#### [EXERCISE GOAL]
Produce as output only the lines below starting at the line with "map (\<lambda>i. transcript" and continuing through the line with "own ts \<and>", each one exactly as written.
---*---
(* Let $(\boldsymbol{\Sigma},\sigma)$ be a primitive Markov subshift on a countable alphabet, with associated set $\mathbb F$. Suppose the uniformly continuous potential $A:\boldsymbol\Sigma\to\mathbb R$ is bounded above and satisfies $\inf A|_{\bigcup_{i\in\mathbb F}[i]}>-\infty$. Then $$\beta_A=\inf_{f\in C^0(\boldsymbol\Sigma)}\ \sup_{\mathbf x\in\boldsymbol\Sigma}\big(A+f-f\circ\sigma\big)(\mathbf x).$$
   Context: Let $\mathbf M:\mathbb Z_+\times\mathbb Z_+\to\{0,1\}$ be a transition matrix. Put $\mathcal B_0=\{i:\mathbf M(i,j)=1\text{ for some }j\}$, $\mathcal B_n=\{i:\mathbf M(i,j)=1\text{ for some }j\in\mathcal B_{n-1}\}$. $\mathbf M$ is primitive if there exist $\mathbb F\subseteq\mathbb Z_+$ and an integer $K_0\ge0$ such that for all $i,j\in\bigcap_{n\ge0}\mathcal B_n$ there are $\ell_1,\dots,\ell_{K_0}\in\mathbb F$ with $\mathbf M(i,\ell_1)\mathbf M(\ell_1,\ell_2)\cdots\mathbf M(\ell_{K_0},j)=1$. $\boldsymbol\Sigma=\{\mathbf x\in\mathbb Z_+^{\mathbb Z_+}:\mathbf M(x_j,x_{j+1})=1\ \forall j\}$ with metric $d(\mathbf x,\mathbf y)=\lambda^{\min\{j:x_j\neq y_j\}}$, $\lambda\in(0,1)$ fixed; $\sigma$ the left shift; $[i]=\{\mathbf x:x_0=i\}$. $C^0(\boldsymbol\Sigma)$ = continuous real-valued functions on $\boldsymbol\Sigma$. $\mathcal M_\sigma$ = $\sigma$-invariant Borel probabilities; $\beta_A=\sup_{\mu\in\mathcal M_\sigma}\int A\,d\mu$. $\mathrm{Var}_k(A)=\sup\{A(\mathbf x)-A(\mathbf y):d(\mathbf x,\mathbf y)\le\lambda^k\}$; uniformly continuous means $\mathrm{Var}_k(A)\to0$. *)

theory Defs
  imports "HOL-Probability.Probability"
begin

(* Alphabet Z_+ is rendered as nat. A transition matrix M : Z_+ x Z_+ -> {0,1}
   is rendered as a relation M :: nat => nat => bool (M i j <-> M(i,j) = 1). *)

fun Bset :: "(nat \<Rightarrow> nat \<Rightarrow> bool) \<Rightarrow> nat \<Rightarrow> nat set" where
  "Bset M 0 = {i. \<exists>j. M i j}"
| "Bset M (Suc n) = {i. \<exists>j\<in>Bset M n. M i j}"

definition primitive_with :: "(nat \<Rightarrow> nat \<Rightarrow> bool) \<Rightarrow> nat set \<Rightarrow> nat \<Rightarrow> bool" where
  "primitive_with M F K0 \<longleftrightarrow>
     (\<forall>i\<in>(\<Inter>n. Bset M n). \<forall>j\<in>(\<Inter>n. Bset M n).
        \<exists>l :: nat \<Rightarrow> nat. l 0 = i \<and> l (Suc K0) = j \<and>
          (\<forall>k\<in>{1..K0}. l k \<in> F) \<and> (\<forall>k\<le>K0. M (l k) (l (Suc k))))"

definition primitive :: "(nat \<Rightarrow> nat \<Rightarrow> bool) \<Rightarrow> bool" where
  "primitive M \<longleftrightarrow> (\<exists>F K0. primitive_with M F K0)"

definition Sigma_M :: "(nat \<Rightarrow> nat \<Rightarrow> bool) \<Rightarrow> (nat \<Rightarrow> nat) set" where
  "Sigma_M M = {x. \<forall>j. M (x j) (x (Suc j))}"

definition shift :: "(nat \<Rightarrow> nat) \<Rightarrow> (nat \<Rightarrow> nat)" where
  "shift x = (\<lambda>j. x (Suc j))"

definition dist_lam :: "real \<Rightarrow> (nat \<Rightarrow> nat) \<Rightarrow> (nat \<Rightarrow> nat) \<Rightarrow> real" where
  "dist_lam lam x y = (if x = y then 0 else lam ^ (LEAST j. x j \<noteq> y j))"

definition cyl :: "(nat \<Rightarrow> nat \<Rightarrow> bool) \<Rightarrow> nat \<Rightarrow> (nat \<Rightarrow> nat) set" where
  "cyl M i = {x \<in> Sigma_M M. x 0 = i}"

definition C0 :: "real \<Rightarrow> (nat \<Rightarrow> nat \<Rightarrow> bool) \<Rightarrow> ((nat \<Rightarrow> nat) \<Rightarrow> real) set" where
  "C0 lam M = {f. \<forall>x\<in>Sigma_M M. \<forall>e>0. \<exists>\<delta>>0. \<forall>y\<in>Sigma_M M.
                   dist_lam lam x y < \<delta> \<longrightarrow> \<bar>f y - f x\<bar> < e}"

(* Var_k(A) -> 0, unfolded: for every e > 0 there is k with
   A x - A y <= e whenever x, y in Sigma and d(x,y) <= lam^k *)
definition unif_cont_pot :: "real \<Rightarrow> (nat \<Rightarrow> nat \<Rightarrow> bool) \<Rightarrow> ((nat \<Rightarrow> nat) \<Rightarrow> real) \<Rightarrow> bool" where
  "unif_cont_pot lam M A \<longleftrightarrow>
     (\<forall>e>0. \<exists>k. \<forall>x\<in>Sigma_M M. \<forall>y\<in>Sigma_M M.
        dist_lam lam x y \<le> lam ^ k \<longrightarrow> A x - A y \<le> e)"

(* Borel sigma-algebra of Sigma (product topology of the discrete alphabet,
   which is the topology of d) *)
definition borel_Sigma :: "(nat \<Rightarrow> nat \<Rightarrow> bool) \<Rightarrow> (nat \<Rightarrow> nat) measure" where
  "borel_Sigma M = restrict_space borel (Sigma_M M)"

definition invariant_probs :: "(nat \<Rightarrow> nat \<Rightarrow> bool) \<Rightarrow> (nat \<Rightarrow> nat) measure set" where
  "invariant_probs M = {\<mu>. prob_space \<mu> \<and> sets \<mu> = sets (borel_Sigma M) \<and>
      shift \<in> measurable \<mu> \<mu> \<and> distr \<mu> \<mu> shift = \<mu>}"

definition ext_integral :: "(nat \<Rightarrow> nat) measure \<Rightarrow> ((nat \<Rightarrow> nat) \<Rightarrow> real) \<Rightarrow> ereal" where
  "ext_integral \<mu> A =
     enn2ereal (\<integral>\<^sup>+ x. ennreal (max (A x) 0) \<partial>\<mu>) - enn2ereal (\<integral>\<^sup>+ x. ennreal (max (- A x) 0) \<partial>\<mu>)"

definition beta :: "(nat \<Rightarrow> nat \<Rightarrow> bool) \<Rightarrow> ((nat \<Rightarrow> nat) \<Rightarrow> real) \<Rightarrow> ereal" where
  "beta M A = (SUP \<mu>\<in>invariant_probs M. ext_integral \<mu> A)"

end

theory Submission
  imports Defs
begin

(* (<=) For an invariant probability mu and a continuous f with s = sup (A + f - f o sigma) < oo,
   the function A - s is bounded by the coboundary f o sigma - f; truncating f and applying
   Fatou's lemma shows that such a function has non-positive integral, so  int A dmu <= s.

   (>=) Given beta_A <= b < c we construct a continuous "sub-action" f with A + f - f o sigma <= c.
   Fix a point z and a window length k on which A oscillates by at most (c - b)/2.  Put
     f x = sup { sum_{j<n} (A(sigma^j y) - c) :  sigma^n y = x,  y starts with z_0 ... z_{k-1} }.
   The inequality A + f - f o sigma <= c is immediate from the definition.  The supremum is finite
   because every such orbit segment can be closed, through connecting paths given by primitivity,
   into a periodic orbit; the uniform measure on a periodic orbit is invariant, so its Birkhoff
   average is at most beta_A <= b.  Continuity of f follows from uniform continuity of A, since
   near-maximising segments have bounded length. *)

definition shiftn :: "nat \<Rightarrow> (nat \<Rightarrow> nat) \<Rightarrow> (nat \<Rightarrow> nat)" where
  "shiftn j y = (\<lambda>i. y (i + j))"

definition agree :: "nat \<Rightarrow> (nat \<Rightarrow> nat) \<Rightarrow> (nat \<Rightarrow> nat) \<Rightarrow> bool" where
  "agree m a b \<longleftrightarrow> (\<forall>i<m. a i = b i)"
---*---
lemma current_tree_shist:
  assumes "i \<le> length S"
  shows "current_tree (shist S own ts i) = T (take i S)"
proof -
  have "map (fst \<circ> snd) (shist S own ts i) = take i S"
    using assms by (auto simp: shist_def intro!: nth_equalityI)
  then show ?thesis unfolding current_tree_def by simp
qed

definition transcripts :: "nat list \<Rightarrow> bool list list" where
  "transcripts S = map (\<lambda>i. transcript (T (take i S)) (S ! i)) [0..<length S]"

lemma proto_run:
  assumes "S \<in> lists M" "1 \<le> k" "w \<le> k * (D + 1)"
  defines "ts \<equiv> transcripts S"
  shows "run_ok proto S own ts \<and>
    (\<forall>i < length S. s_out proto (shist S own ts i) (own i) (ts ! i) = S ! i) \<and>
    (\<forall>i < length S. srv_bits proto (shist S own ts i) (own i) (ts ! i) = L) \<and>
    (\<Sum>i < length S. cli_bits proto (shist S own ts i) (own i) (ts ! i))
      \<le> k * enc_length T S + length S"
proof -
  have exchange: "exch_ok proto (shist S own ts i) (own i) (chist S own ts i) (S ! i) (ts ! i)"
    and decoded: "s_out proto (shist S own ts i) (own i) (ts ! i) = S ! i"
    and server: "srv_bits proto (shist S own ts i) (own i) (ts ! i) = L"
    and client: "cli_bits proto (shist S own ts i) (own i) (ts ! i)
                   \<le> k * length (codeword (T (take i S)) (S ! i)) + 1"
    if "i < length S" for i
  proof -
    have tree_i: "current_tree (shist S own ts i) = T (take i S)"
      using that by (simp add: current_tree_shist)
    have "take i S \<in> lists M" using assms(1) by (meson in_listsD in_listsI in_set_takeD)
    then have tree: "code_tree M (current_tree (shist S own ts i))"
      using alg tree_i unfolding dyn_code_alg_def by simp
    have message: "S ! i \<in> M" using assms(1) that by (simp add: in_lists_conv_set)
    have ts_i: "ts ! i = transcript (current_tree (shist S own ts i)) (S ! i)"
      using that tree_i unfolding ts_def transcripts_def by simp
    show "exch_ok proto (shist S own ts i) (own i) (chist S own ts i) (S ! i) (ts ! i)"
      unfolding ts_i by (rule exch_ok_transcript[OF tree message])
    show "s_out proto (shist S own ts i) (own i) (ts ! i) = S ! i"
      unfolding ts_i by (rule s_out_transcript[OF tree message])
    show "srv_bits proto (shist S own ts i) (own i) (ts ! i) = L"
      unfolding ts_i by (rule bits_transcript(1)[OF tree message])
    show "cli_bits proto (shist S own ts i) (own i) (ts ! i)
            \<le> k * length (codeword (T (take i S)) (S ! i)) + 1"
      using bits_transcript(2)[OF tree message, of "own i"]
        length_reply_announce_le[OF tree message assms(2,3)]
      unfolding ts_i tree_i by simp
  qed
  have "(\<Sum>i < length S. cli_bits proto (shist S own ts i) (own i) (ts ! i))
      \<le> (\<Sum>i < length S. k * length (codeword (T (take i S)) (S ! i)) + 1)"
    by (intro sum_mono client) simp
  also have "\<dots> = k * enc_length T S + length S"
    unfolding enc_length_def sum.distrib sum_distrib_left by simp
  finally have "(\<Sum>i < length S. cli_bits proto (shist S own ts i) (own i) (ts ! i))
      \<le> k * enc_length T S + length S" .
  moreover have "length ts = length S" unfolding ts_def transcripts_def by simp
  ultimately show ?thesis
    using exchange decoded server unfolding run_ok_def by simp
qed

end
---*---
#### [SOLUTION TO THIS PROBLEM]
  "transcripts S = map (\<lambda>i. transcript (T (take i S)) (S ! i)) [0..<length S]"

lemma proto_run:
  assumes "S \<in> lists M" "1 \<le> k" "w \<le> k * (D + 1)"
  defines "ts \<equiv> transcripts S"
  shows "run_ok proto S own ts \<and>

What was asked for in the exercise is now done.